Document every step: who received the request, what identity verification was performed, what data sources were queried, when the response was sent. This audit trail protects you if someone later claims you didn't respond or responded inadequately.
The goal is consistency. Every DSAR should follow the same steps in the same order with the same verification standards. That consistency also makes you faster — your third DSAR takes half the time of your first.
Building Your DSAR Response Template
Not every DSAR is identical, but your process should be. Create a standardized response template that you customize for each request.
Your template should include: confirmation that you received the request and the date received, the deadline by which you'll respond, what identity verification you're requesting, what data categories you'll include (customer profile, orders, communications, browsing history, etc.), and the format you'll provide (CSV, JSON, or downloadable zip file).

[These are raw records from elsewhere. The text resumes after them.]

lemma mem_cz_add_vec:
  assumes "z \<in> cz G c A b" "G \<in> carrier_mat n m" "c \<in> carrier_vec n" "d \<in> carrier_vec n"
  shows "z + d \<in> cz G (c + d) A b"
proof -
  obtain \<xi> where \<xi>: "\<xi> \<in> unit_box m" "A *\<^sub>v \<xi> = b" "z = c + G *\<^sub>v \<xi>"
    using assms(1,2) by (rule mem_czE)
  then have "z + d = (c + d) + G *\<^sub>v \<xi>"
    using assms by (intro eq_vecI) auto
  also have "\<dots> \<in> cz G (c + d) A b"
    using assms(2) \<xi>(1,2) by (rule mem_czI)
  finally show ?thesis .
qed

lemma mem_cz_add:
  assumes "z1 \<in> cz G1 c1 A1 b1" "z2 \<in> cz G2 c2 A2 b2"
    "G1 \<in> carrier_mat n m1" "G2 \<in> carrier_mat n m2" "c1 \<in> carrier_vec n" "c2 \<in> carrier_vec n"
    "A1 \<in> carrier_mat p1 m1" "A2 \<in> carrier_mat p2 m2"
  shows "z1 + z2 \<in> cz (hcat G1 G2) (c1 + c2) (blkdiag A1 A2) (b1 @\<^sub>v b2)"
proof -
  obtain \<xi>1 where \<xi>1: "\<xi>1 \<in> unit_box m1" "A1 *\<^sub>v \<xi>1 = b1" "z1 = c1 + G1 *\<^sub>v \<xi>1"
    using assms(1,3) by (rule mem_czE)
  obtain \<xi>2 where \<xi>2: "\<xi>2 \<in> unit_box m2" "A2 *\<^sub>v \<xi>2 = b2" "z2 = c2 + G2 *\<^sub>v \<xi>2"
    using assms(2,4) by (rule mem_czE)
  note carriers = unit_box_carrier[OF \<xi>1(1)] unit_box_carrier[OF \<xi>2(1)]
  have "z1 + z2 = (c1 + c2) + hcat G1 G2 *\<^sub>v (\<xi>1 @\<^sub>v \<xi>2)"
    using assms carriers \<xi>1 \<xi>2 by (subst hcat_mult_append_vec) (auto intro!: eq_vecI)
  also have "\<dots> \<in> cz (hcat G1 G2) (c1 + c2) (blkdiag A1 A2) (b1 @\<^sub>v b2)"
    using assms carriers \<xi>1 \<xi>2
    by (intro mem_czI[OF hcat_carrier_mat[OF assms(3,4)] append_in_unit_box[OF \<xi>1(1) \<xi>2(1)]])
      (simp add: blkdiag_mult_append_vec)
  finally show ?thesis .
qed

lemma mem_cz_append:
  assumes "z1 \<in> cz G1 c1 A1 b1" "z2 \<in> cz G2 c2 A2 b2"
    "G1 \<in> carrier_mat n1 m1" "G2 \<in> carrier_mat n2 m2" "c1 \<in> carrier_vec n1" "c2 \<in> carrier_vec n2"
    "A1 \<in> carrier_mat p1 m1" "A2 \<in> carrier_mat p2 m2"
  shows "z1 @\<^sub>v z2 \<in> cz (blkdiag G1 G2) (c1 @\<^sub>v c2) (blkdiag A1 A2) (b1 @\<^sub>v b2)"
proof -
  obtain \<xi>1 where \<xi>1: "\<xi>1 \<in> unit_box m1" "A1 *\<^sub>v \<xi>1 = b1" "z1 = c1 + G1 *\<^sub>v \<xi>1"
    using assms(1,3) by (rule mem_czE)
  obtain \<xi>2 where \<xi>2: "\<xi>2 \<in> unit_box m2" "A2 *\<^sub>v \<xi>2 = b2" "z2 = c2 + G2 *\<^sub>v \<xi>2"
    using assms(2,4) by (rule mem_czE)
  note carriers = unit_box_carrier[OF \<xi>1(1)] unit_box_carrier[OF \<xi>2(1)]
  have "z1 @\<^sub>v z2 = (c1 @\<^sub>v c2) + blkdiag G1 G2 *\<^sub>v (\<xi>1 @\<^sub>v \<xi>2)"
    using assms carriers \<xi>1 \<xi>2 by (simp add: blkdiag_mult_append_vec append_vec_add)
  also have "\<dots> \<in> cz (blkdiag G1 G2) (c1 @\<^sub>v c2) (blkdiag A1 A2) (b1 @\<^sub>v b2)"
    using assms carriers \<xi>1 \<xi>2
    by (intro mem_czI[OF blkdiag_carrier_mat[OF assms(3,4)] append_in_unit_box[OF \<xi>1(1) \<xi>2(1)]])
      (simp add: blkdiag_mult_append_vec)
  finally show ?thesis .
qed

This transparency builds trust. The customer knows exactly what to expect and when. It also protects you — if they later dispute that you didn't send something, you have documented what you said you would send.
In your response, organize data by category rather than dumping everything in one massive file. One file for order history. Another for email interactions. A third for account profile data. This makes it easier for customers to understand and use their own information, and it demonstrates you took the request seriously.
Make sure your template includes a note that you've responded in compliance with applicable laws and that they can contact you with questions. This small detail shows professionalism and gives you a chance to clarify if they misunderstand something.
Handling DSARs at scale requires systems and documentation, not heroic manual effort. As your brand grows and customer requests increase, you'll need visibility into all the data you collect, where it lives, and how quickly you can assemble it. The difference between compliance and violation often comes down to whether you have a process or whether you're improvising.